A thesaurus would then be printed, giving instructions as to which descriptors to use when indexing and searching. Links are made between descriptors and corresponding non-descriptors, to help unfamiliar indexers or searchers to find the appropriate descriptor. These links are typically displayed using the symbols "USE" and "UF". "UF" stands for "used for" and "USE" stands for use. For example, our thesaurus would be printed as follows:

Animals
  UF Fauna

Fauna
  USE Animals

Flora
  USE Plants

Plants
  UF Flora

The symbol "USE" is really an instruction: if you've found "Fauna", you should USE "Animals" instead.

This pattern doesn't present any problems when it comes to representation in RDF. Each descriptor is mapped to a preferred lexical label of a concept, and each non-descriptor is mapped to an alternative lexical label of a concept, for example:

ex:a rdf:type skos:Concept;
  skos:prefLabel "Animals"@en;
  skos:altLabel "Fauna"@en.

ex:b rdf:type skos:Concept;
  skos:prefLabel "Plants"@en;
  skos:altLabel "Flora"@en.

It is easy to see that the original thesaurus layout can be generated from the RDF graph given above.

USE X + Y

Normally in a thesaurus, every non-descriptor points to one and only one descriptor, as shown in the example above. However, the ISO 2788 standard also allows instructions of the form "USE X + Y". For example:

Road safety
  USE Road transport + Safety

Road transport
  UF+ Road safety

Safety
  UF+ Road safety

This should be read as an instruction to the indexer to enter two values into the Subject field on a card, for example:

Title:

The Highway Code

Subject:

Road transport; Safety

This should be read as an instruction to the searcher to cross-reference the subject index entries for "Road transport" and "Safety".

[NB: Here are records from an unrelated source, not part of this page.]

(* Let $(X,\mu,T)$ be a probability-preserving system and $\mathcal{P}$ a finite Borel partition of $X$. Then there is a function $g:\mathbb{N}\cup\{0\}\to[0,\infty)$ with $g(m)=o(m)$ as $m\to\infty$ such that for all bounded (possibly empty) discrete intervals $I,J\subseteq\mathbb{Z}$ for which $I\cup J$ is a discrete interval, \[\mathrm{I}_\mu(\mathcal{P}^J;\mathcal{P}^I\,|\,\mathcal{P}^{I\cap J})\le g(|J\setminus I|).\]
   Context: $\mathcal{P}^F=\bigvee_{n\in F}T^{-n}\mathcal{P}$ for finite $F\subseteq\mathbb{Z}$ (the trivial partition if $F=\emptyset$). $\mathrm{I}_\mu(\cdot;\cdot\,|\,\cdot)$ is conditional mutual information: $\mathrm{I}_\mu(\mathcal{A};\mathcal{B}\,|\,\mathcal{C})=\mathrm{H}_\mu(\mathcal{A}\,|\,\mathcal{C})-\mathrm{H}_\mu(\mathcal{A}\,|\,\mathcal{B}\vee\mathcal{C})$. *)

theory Defs
  imports "HOL-Probability.Probability" "HOL-Library.Landau_Symbols"
begin

definition pp_system :: "'a measure \<Rightarrow> ('a \<Rightarrow> 'a) \<Rightarrow> bool" where
  "pp_system M T \<longleftrightarrow> prob_space M \<and> T \<in> M \<rightarrow>\<^sub>M M \<and>
     bij_betw T (space M) (space M) \<and> inv_into (space M) T \<in> M \<rightarrow>\<^sub>M M \<and>
     (\<forall>A\<in>sets M. measure M (T -` A \<inter> space M) = measure M A)"

definition fin_partition :: "'a measure \<Rightarrow> 'a set set \<Rightarrow> bool" where
  "fin_partition M P \<longleftrightarrow> finite P \<and> P \<subseteq> sets M \<and> \<Union>P = space M \<and>
     (\<forall>A\<in>P. \<forall>B\<in>P. A \<noteq> B \<longrightarrow> A \<inter> B = {})"

definition Tpow :: "'a measure \<Rightarrow> ('a \<Rightarrow> 'a) \<Rightarrow> int \<Rightarrow> 'a \<Rightarrow> 'a" where
  "Tpow M T n = (if 0 \<le> n then T ^^ nat n else (inv_into (space M) T) ^^ nat (- n))"

text \<open>P^F = join over n in F of T^{-n} P (nonempty cells); trivial partition if F is empty.\<close>
definition refine :: "'a measure \<Rightarrow> ('a \<Rightarrow> 'a) \<Rightarrow> 'a set set \<Rightarrow> int set \<Rightarrow> 'a set set" where
  "refine M T P F = {C. \<exists>w. (\<forall>n\<in>F. w n \<in> P) \<and>
       C = space M \<inter> (\<Inter>n\<in>F. Tpow M T n -` w n)} - {{}}"

definition join :: "'a set set \<Rightarrow> 'a set set \<Rightarrow> 'a set set" where
  "join A B = {a \<inter> b | a b. a \<in> A \<and> b \<in> B} - {{}}"

text \<open>Conditional entropy H_mu(A | C) (natural log; 0 log 0 = 0).\<close>
definition cond_entropy :: "'a measure \<Rightarrow> 'a set set \<Rightarrow> 'a set set \<Rightarrow> real" where
  "cond_entropy M A C = - (\<Sum>a\<in>A. \<Sum>c\<in>C.
      measure M (a \<inter> c) * ln (measure M (a \<inter> c) / measure M c))"

definition cond_mutual_info :: "'a measure \<Rightarrow> 'a set set \<Rightarrow> 'a set set \<Rightarrow> 'a set set \<Rightarrow> real" where
  "cond_mutual_info M A B C = cond_entropy M A C - cond_entropy M A (join B C)"

definition dinterval :: "int set \<Rightarrow> bool" where
  "dinterval I \<longleftrightarrow> (\<exists>a b. I = {a..b})"

end

theory Submission
  imports Defs
begin

(*
  Write H(F) for the entropy of the refined partition P^F (ent below).  Because T preserves
  the measure, H(F) is invariant under integer translations of F, so on a discrete interval it
  depends only on the length: H(F) = e(card F) (block_ent).  Conditional entropies of interval
  refinements then telescope into the increments c(n) = e(n+1) - e(n) = H(P | P^{[1,n]})
  (ent_gain), which are nonnegative and decreasing, since conditioning on a finer partition
  lowers entropy.  For intervals I, J with K = I \<inter> J and m = |J - I| one gets
    I(P^J; P^I | P^K) = (e(|K| + m) - e(|K|)) - (e(|I| + m) - e(|I|))
                      = \<Sum>j<m. c(|K| + j) - c(|I| + j)  \<le>  \<Sum>j<m. c(j) - inf c,
  and a Cesaro argument shows that the right-hand side is o(m).
*)


section \<open>The log-sum inequality\<close>

text \<open>Pointwise form: the tangent-line bound for the logarithm, rescaled.\<close>
lemma log_sum_term:
  fixes x y X Y :: real
  assumes "0 \<le> x" "x \<le> y" "0 < X" "0 < Y"
  shows "x * ln (X / Y) + x - y * X / Y \<le> x * ln (x / y)"
proof (cases "x = 0")
  case False
  then have x: "0 < x" and y: "0 < y" using assms by auto
  have "ln (X / Y) - ln (x / y) \<le> (X / Y - x / y) / (x / y)"
    using x y assms by (intro ln_diff_le) auto
  also have "\<dots> = y * X / (x * Y) - 1" using x y assms by (simp add: field_simps)
  finally have "x * (ln (X / Y) - ln (x / y)) \<le> x * (y * X / (x * Y) - 1)"
    using x by (intro mult_left_mono) auto
  also have "\<dots> = y * X / Y - x" using x assms by (simp add: field_simps)
  finally show ?thesis by (simp add: algebra_simps)
qed (use assms in simp)

lemma log_sum_inequality:
  fixes x y :: "'i \<Rightarrow> real"
  assumes "finite S" and xy: "\<And>i. i \<in> S \<Longrightarrow> 0 \<le> x i \<and> x i \<le> y i"
  shows "(\<Sum>i\<in>S. x i) * ln ((\<Sum>i\<in>S. x i) / (\<Sum>i\<in>S. y i)) \<le> (\<Sum>i\<in>S. x i * ln (x i / y i))"
proof -
  let ?X = "\<Sum>i\<in>S. x i" and ?Y = "\<Sum>i\<in>S. y i"
  have X_nonneg: "0 \<le> ?X" using xy by (intro sum_nonneg) auto
  have X_le_Y: "?X \<le> ?Y" using xy by (intro sum_mono) auto
  show ?thesis
  proof (cases "?X = 0")
    case True
    then have "\<forall>i\<in>S. x i = 0" using sum_nonneg_eq_0_iff[OF assms(1)] xy by auto
    then show ?thesis by simp
  next
    case False
    then have X: "0 < ?X" and Y: "0 < ?Y" using X_nonneg X_le_Y by auto
    have "(\<Sum>i\<in>S. x i * ln (?X / ?Y) + x i - y i * ?X / ?Y) \<le> (\<Sum>i\<in>S. x i * ln (x i / y i))"
      using xy X Y by (intro sum_mono log_sum_term) auto
    moreover have "(\<Sum>i\<in>S. x i * ln (?X / ?Y) + x i - y i * ?X / ?Y)
        = ?X * ln (?X / ?Y) + ?X - ?Y * ?X / ?Y"
      by (simp add: sum.distrib sum_subtractf sum_distrib_right sum_divide_distrib[symmetric])
    ultimately show ?thesis using Y by simp
  qed
qed


section \<open>Entropy of finite partitions\<close>

definition part_entropy :: "'a measure \<Rightarrow> 'a set set \<Rightarrow> real" where
  "part_entropy M A = - (\<Sum>a\<in>A. measure M a * ln (measure M a))"

lemma partition_cell_unique:
  assumes "fin_partition M A" "a \<in> A" "a' \<in> A" "x \<in> a" "x \<in> a'"
  shows "a = a'"
  using assms unfolding fin_partition_def by blast

lemma join_eq_image: "join A C = (\<lambda>(a, c). a \<inter> c) ` (A \<times> C) - {{}}"
  unfolding join_def by auto

context prob_space
begin

lemma partition_measure_sum:
  assumes A: "fin_partition M A" and c: "c \<in> sets M"
  shows "(\<Sum>a\<in>A. measure M (a \<inter> c)) = measure M c"
proof -
  have "measure M (\<Union>a\<in>A. a \<inter> c) = (\<Sum>a\<in>A. measure M (a \<inter> c))"
  proof (intro finite_measure_finite_Union)
    show "disjoint_family_on (\<lambda>a. a \<inter> c) A" using A
      unfolding disjoint_family_on_def fin_partition_def by blast
  qed (use A c in \<open>auto simp: fin_partition_def\<close>)
  moreover have "(\<Union>a\<in>A. a \<inter> c) = c" using A sets.sets_into_space[OF c]
    unfolding fin_partition_def by auto
  ultimately show ?thesis by simp
qed

text \<open>Summing over all pairwise intersections equals summing over the cells of the join,
  since distinct pairs of cells either give distinct or empty intersections.\<close>
lemma sum_join:
  assumes A: "fin_partition M A" and C: "fin_partition M C" and empty: "f {} = 0"
  shows "(\<Sum>a\<in>A. \<Sum>c\<in>C. f (a \<inter> c)) = (\<Sum>x\<in>join A C. f x)"
proof -
  let ?cap = "\<lambda>(a, c). a \<inter> c"
  have fin: "finite A" "finite C" using A C unfolding fin_partition_def by auto
  have "(\<Sum>a\<in>A. \<Sum>c\<in>C. f (a \<inter> c)) = (\<Sum>p\<in>A \<times> C. (f \<circ> ?cap) p)"
    by (simp add: sum.cartesian_product case_prod_beta)
  also have "\<dots> = sum f (?cap ` (A \<times> C))"
  proof (rule sum.reindex_nontrivial[symmetric])
    fix p q assume pq: "p \<in> A \<times> C" "q \<in> A \<times> C" "p \<noteq> q" "?cap p = ?cap q"
    obtain a c a' c' where p: "p = (a, c)" and q: "q = (a', c')" by (cases p, cases q)
    have "a \<inter> c = {}"
    proof (rule ccontr)
      assume "a \<inter> c \<noteq> {}"
      then obtain x where "x \<in> a \<inter> c" by blast
      then have "x \<in> a'" "x \<in> c'" using pq(4) unfolding p q by auto
      moreover have "a \<in> A" "a' \<in> A" "c \<in> C" "c' \<in> C" using pq(1,2) unfolding p q by auto
      ultimately have "a = a'" "c = c'"
        using \<open>x \<in> a \<inter> c\<close> partition_cell_unique[OF A] partition_cell_unique[OF C] by blast+
      then show False using pq(3) unfolding p q by simp
    qed
    then show "f (?cap p) = 0" using empty p by simp
  qed (use fin in simp)
  also have "\<dots> = sum f (?cap ` (A \<times> C) - {{}})"
    using fin empty by (intro sum.mono_neutral_right) auto
  finally show ?thesis unfolding join_eq_image .
qed

lemma cond_entropy_eq:
  assumes A: "fin_partition M A" and C: "fin_partition M C"
  shows "cond_entropy M A C = part_entropy M (join A C) - part_entropy M C"
proof -
  have sets: "A \<subseteq> sets M" "C \<subseteq> sets M" and fin: "finite C"
    using A C unfolding fin_partition_def by auto
  have split_log: "measure M (a \<inter> c) * ln (measure M (a \<inter> c) / measure M c) =
      measure M (a \<inter> c) * ln (measure M (a \<inter> c)) - measure M (a \<inter> c) * ln (measure M c)"
    if "a \<in> A" "c \<in> C" for a c
  proof (cases "measure M (a \<inter> c) = 0")
    case False
    then have "0 < measure M (a \<inter> c)" using measure_nonneg[of M] by (simp add: less_le)
    moreover have "measure M (a \<inter> c) \<le> measure M c" using that sets
      by (intro finite_measure_mono) auto
    ultimately show ?thesis by (simp add: ln_div algebra_simps)
  qed simp
  have "(\<Sum>a\<in>A. \<Sum>c\<in>C. measure M (a \<inter> c) * ln (measure M c))
      = (\<Sum>c\<in>C. measure M c * ln (measure M c))"
    using partition_measure_sum[OF A] sets fin
    by (subst sum.swap) (auto simp: sum_distrib_right[symmetric] intro!: sum.cong)
  moreover have "(\<Sum>a\<in>A. \<Sum>c\<in>C. measure M (a \<inter> c) * ln (measure M (a \<inter> c)))
      = (\<Sum>x\<in>join A C. measure M x * ln (measure M x))"
    by (rule sum_join[OF A C]) simp
  ultimately show ?thesis
    unfolding cond_entropy_def part_entropy_def using split_log by (simp add: sum_subtractf)
qed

Note the "UF+" symbol also, indicating for example that "Safety" (plus something else) is used for "Road safety".

This pattern is part of the ISO 2788 standard, and has significant usage. For these reasons, SKOS should provide a standard way for representing it in RDF. However, mapping this pattern to an RDF representation is not straightforward.

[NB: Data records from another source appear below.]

(* Let $\mathcal{T}$ be a finite tree, $w:V(\mathcal{T})\to\mathbb{R}_{\ge0}$, and let $C$ be a centroid tree of $(\mathcal{T},w)$. For every $\varepsilon>0$ there is a weight function $w':V(\mathcal{T})\to\mathbb{R}_{\ge0}$ with $\|w'-w\|_\infty<\varepsilon$ such that $C$ is the unique centroid tree of $(\mathcal{T},w')$.
   Context: For a subgraph $\mathcal{H}$, $w(\mathcal{H})=\sum_{x\in V(\mathcal{H})}w(x)$. A search tree on a tree $\mathcal{T}$ is a rooted tree $T$ with vertex set $V(\mathcal{T})$ defined recursively: its root is an arbitrary vertex $r$, and the children of $r$ are the roots of search trees built on the connected components of $\mathcal{T}-r$; a single-vertex tree has only itself as search tree. A vertex $v$ is a centroid of $(\mathcal{T},w)$ if each component $\mathcal{H}$ of $\mathcal{T}-v$ has $w(\mathcal{H})\le w(\mathcal{T})/2$. A search tree $T$ is a centroid tree if each vertex $x$ is a centroid of $(\mathcal{T}[V(T_x)],w)$, $T_x$ being the subtree of $T$ rooted at $x$. *)

theory Defs
  imports Complex_Main "HOL-Library.FSet"
begin

definition edges_in :: "('a \<Rightarrow> 'a \<Rightarrow> bool) \<Rightarrow> 'a set \<Rightarrow> ('a \<times> 'a) set" where
  "edges_in E S = {(x, y). x \<in> S \<and> y \<in> S \<and> E x y}"

definition comps :: "('a \<Rightarrow> 'a \<Rightarrow> bool) \<Rightarrow> 'a set \<Rightarrow> 'a set set" where
  "comps E S = {{y \<in> S. (x, y) \<in> (edges_in E S)\<^sup>*} | x. x \<in> S}"

definition connected_on :: "('a \<Rightarrow> 'a \<Rightarrow> bool) \<Rightarrow> 'a set \<Rightarrow> bool" where
  "connected_on E S \<longleftrightarrow> (\<forall>x\<in>S. \<forall>y\<in>S. (x, y) \<in> (edges_in E S)\<^sup>*)"

text \<open>A finite tree: finite nonempty vertex set, simple undirected graph, connected,
  and acyclic (every edge is a bridge: removing it disconnects its endpoints).\<close>
definition is_tree :: "'a set \<Rightarrow> ('a \<Rightarrow> 'a \<Rightarrow> bool) \<Rightarrow> bool" where
  "is_tree V E \<longleftrightarrow> finite V \<and> V \<noteq> {} \<and>
     (\<forall>x y. E x y \<longrightarrow> x \<in> V \<and> y \<in> V \<and> x \<noteq> y \<and> E y x) \<and>
     connected_on E V \<and>
     (\<forall>x y. E x y \<longrightarrow>
        (x, y) \<notin> (edges_in E V - {(x, y), (y, x)})\<^sup>*)"

datatype 'a rtree = Node 'a "'a rtree fset"

primrec verts :: "'a rtree \<Rightarrow> 'a set" where
  "verts (Node r ts) = insert r (\<Union> (fset (fimage verts ts)))"

primrec root :: "'a rtree \<Rightarrow> 'a" where
  "root (Node r ts) = r"

inductive search_tree :: "('a \<Rightarrow> 'a \<Rightarrow> bool) \<Rightarrow> 'a set \<Rightarrow> 'a rtree \<Rightarrow> bool"
  for E where
  "\<lbrakk> r \<in> S;
     verts ` fset ts = comps E (S - {r});
     inj_on verts (fset ts);
     \<forall>t\<in>fset ts. search_tree E (verts t) t \<rbrakk>
   \<Longrightarrow> search_tree E S (Node r ts)"

definition is_centroid :: "('a \<Rightarrow> 'a \<Rightarrow> bool) \<Rightarrow> ('a \<Rightarrow> real) \<Rightarrow> 'a set \<Rightarrow> 'a \<Rightarrow> bool" where
  "is_centroid E w S v \<longleftrightarrow> v \<in> S \<and>
     (\<forall>H\<in>comps E (S - {v}). sum w H \<le> sum w S / 2)"

inductive all_centroids :: "('a \<Rightarrow> 'a \<Rightarrow> bool) \<Rightarrow> ('a \<Rightarrow> real) \<Rightarrow> 'a rtree \<Rightarrow> bool"
  for E w where
  "\<lbrakk> is_centroid E w (verts (Node r ts)) r;
     \<forall>t\<in>fset ts. all_centroids E w t \<rbrakk>
   \<Longrightarrow> all_centroids E w (Node r ts)"

definition centroid_tree :: "'a set \<Rightarrow> ('a \<Rightarrow> 'a \<Rightarrow> bool) \<Rightarrow> ('a \<Rightarrow> real) \<Rightarrow> 'a rtree \<Rightarrow> bool" where
  "centroid_tree V E w C \<longleftrightarrow> search_tree E V C \<and> all_centroids E w C"

end

theory Submission
  imports Defs
begin

text \<open>Perturb w by adding \<open>\<delta> q\<^sup>d\<close> to every vertex of depth d in C, where
  \<open>q n < 1\<close> for n vertices. In the subtree rooted at x, the vertex x alone then
  carries more added weight than any component below x, so x becomes a strict
  centroid: every component of the subtree minus x weighs strictly less than half.
  A strict centroid is the only centroid, which forces every centroid tree of the new
  weight to agree with C, root by root.\<close>

lemma edges_in_rtrancl_mono:
  "(x, y) \<in> (edges_in E A)\<^sup>* \<Longrightarrow> A \<subseteq> B \<Longrightarrow> (x, y) \<in> (edges_in E B)\<^sup>*"
  by (rule rtrancl_mono[THEN subsetD]) (auto simp: edges_in_def)

lemma edges_in_rtrancl_sym:
  assumes "symp E" and "(x, y) \<in> (edges_in E A)\<^sup>*"
  shows "(y, x) \<in> (edges_in E A)\<^sup>*"
proof -
  have "sym (edges_in E A)"
    using \<open>symp E\<close> by (auto simp: sym_def edges_in_def dest: sympD)
  then show ?thesis
    using assms(2) by (metis sym_rtrancl symD)
qed

lemma edges_in_rtrancl_closed: "(x, y) \<in> (edges_in E A)\<^sup>* \<Longrightarrow> x \<in> A \<Longrightarrow> y \<in> A"
  by (induct rule: rtrancl_induct) (auto simp: edges_in_def)

definition comp_of :: "('a \<Rightarrow> 'a \<Rightarrow> bool) \<Rightarrow> 'a set \<Rightarrow> 'a \<Rightarrow> 'a set" where
  "comp_of E A x = {y \<in> A. (x, y) \<in> (edges_in E A)\<^sup>*}"

lemma comps_eq_image_comp_of: "comps E A = comp_of E A ` A"
  by (auto simp: comps_def comp_of_def)

lemma edges_in_rtrancl_restrict:
  assumes "(a, b) \<in> (edges_in E A)\<^sup>*" and "comp_of E A a \<subseteq> B"
  shows "(a, b) \<in> (edges_in E (A \<inter> B))\<^sup>*"
  using assms(1)
proof (induct rule: rtrancl_induct)
  case base
  then show ?case by simp
next
  case (step b c)
  then have "b \<in> comp_of E A a" "c \<in> comp_of E A a"
    by (auto simp: comp_of_def edges_in_def intro: rtrancl_into_rtrancl)
  with step assms(2) have "(b, c) \<in> edges_in E (A \<inter> B)"
    by (auto simp: edges_in_def)
  with step.hyps(3) show ?case by simp
qed

lemma edges_in_rtrancl_first_hit:
  assumes "(a, b) \<in> (edges_in E S)\<^sup>*" and "a \<in> S - {r}"
  shows "(a, b) \<in> (edges_in E (S - {r}))\<^sup>* \<or>
    (\<exists>u. (a, u) \<in> (edges_in E (S - {r}))\<^sup>* \<and> (u, r) \<in> edges_in E S)"
  using assms(1)
proof (induct rule: rtrancl_induct)
  case base
  then show ?case by simp
next
  case (step b c)
  show ?case
  proof (cases "(a, b) \<in> (edges_in E (S - {r}))\<^sup>*")
    case True
    then have "b \<in> S - {r}"
      using edges_in_rtrancl_closed assms(2) by metis
    with True step.hyps(2) show ?thesis
      by (cases "c = r") (auto simp: edges_in_def intro: rtrancl_into_rtrancl)
  next
    case False
    with step.hyps(3) show ?thesis by blast
  qed
qed

lemma comps_subset: "H \<in> comps E A \<Longrightarrow> H \<subseteq> A"
  by (auto simp: comps_def)

lemma Union_comps: "\<Union> (comps E A) = A"
  by (auto simp: comps_def)

lemma comps_disjoint:
  assumes "symp E" and "H1 \<in> comps E A" "H2 \<in> comps E A" and "z \<in> H1" "z \<in> H2"
  shows "H1 = H2"
proof -
  obtain a b where "H1 = comp_of E A a" "H2 = comp_of E A b"
    using assms(2,3) by (auto simp: comps_eq_image_comp_of)
  with assms(4,5) have "(a, z) \<in> (edges_in E A)\<^sup>*" "(b, z) \<in> (edges_in E A)\<^sup>*"
    by (auto simp: comp_of_def)
  then have "(a, b) \<in> (edges_in E A)\<^sup>*" "(b, a) \<in> (edges_in E A)\<^sup>*"
    using edges_in_rtrancl_sym[OF \<open>symp E\<close>] by (meson rtrancl_trans)+
  then show ?thesis
    using \<open>H1 = _\<close> \<open>H2 = _\<close> by (auto simp: comp_of_def intro: rtrancl_trans)
qed

lemma connected_on_comps:
  assumes "symp E" and "H \<in> comps E A"
  shows "connected_on E H"
proof -
  obtain a where a: "a \<in> A" "H = comp_of E A a"
    using assms(2) by (auto simp: comps_eq_image_comp_of)
  then have "A \<inter> H = H"
    by (auto simp: comp_of_def)
  then have "(a, y) \<in> (edges_in E H)\<^sup>*" if "y \<in> H" for y
    using edges_in_rtrancl_restrict[of a y E A H] a that by (auto simp: comp_of_def)
  then show ?thesis
    unfolding connected_on_def using edges_in_rtrancl_sym[OF \<open>symp E\<close>] by (meson rtrancl_trans)
qed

One possibility would be to map the non-descriptor to an alternative label of two concepts, for example:

ex:c rdf:type skos:Concept;
  skos:prefLabel "Road transport"@en;
  skos:altLabel "Road safety"@en.

ex:d rdf:type skos:Concept;
  skos:prefLabel "Safety"@en;
  skos:altLabel "Road safety"@en.

Although it is possible to generate the original thesaurus layout from this graph, the fact that two concepts share an alternative label may not always indicate the USE X + Y pattern. In other words, the graph above may be ambiguous, and an assumption has to be made in order to generate the thesaurus layout which may not be generally applicable. This becomes apparent in the section below.

USE X OR Y

Some thesauri include instructions of the form "USE X OR Y". For example:

grinding house
  UFO grinding mill
  SN A place where material is crushed.

grindery
  UFO grinding mill
  SN A place where metal objects are sharpened.

grinding mill
  USE grinding house OR grindery
  SN Use "grinding house" for a place material is crushed and "grindery" for a place where metal objects are sharpened.

Note also the "UFO" symbol, indicating for example that "grindery" (or something else) is used for "grinding mill".

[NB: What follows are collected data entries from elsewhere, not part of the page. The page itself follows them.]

(* Let $0=t_0<t_1<\dots<t_N=T$ be a time grid with $\tau_k=t_k-t_{k-1}$ and $r_k=\tau_k/\tau_{k-1}$ ($k\ge2$). Let $0<\iota<1$ and let $v\in C^2(0,T]$ (and $v\in C[0,T]$) satisfy $|v_{tt}(t)|\le C(1+t^{\iota-2})$ for $t\in(0,T]$. Define, for $2\le n\le N$, $\mathcal R^n[v]:=v(t_n)-(1+r_n)v(t_{n-1})+r_nv(t_{n-2})$. Then there is a constant $C_v$ depending only on $v$ such that $$|\mathcal R^2[v]|\le C_v\big((\tau_1+\tau_2)^\iota/\iota+t_1^{\iota-2}\tau_2^2\big),\qquad |\mathcal R^n[v]|\le C_v\big(t_{n-2}^{\iota-2}(\tau_{n-1}+\tau_n)^2+t_{n-1}^{\iota-2}\tau_n^2\big),\ 3\le n\le N.$$ Moreover, if the grid is graded, $t_k=T(k/N)^\gamma$ with $\gamma\ge1$, then $|\mathcal R^n[v]|\le C_{v,\gamma}N^{-\min\{2,\gamma\iota\}}$ for $2\le n\le N$, where $C_{v,\gamma}$ depends only on $v$ and $\gamma$. *)

theory Defs
  imports Complex_Main
begin

definition is_grid :: "real \<Rightarrow> nat \<Rightarrow> (nat \<Rightarrow> real) \<Rightarrow> bool" where
  "is_grid T N t \<longleftrightarrow> t 0 = 0 \<and> t N = T \<and> (\<forall>k<N. t k < t (Suc k))"

definition tau :: "(nat \<Rightarrow> real) \<Rightarrow> nat \<Rightarrow> real" where
  "tau t k = t k - t (k - 1)"

definition ratio :: "(nat \<Rightarrow> real) \<Rightarrow> nat \<Rightarrow> real" where
  "ratio t k = tau t k / tau t (k - 1)"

This is a real example, taken from one of the English Heritage thesauri. However, note that this pattern is not recommended in the ISO 2788 thesaurus standard nor in BS 8723.

As with the previous section, the natural thing to do when creating an RDF representation would be to map the non-descriptor "grinding mill" to an alternative label of two concepts, e.g.:

eg:e rdf:type skos:Concept;
  skos:prefLabel "grinding house"@en;
  skos:altLabel "grinding mill"@en.

eg:f rdf:type skos:Concept;
  skos:prefLabel "grindery"@en;
  skos:altLabel "grinding mill"@en.

It is possible to generate the original thesaurus layout from this graph. However, this time a different assumption has to be made in order to generate the thesaurus layout. We have used the same RDF pattern to represent two different thesaurus patterns, i.e. we have an ambiguity.


Representing these three thesaurus patterns (USE X, USE X + Y, USE X OR Y) without ambiguity is the fundamental issue that this document raises.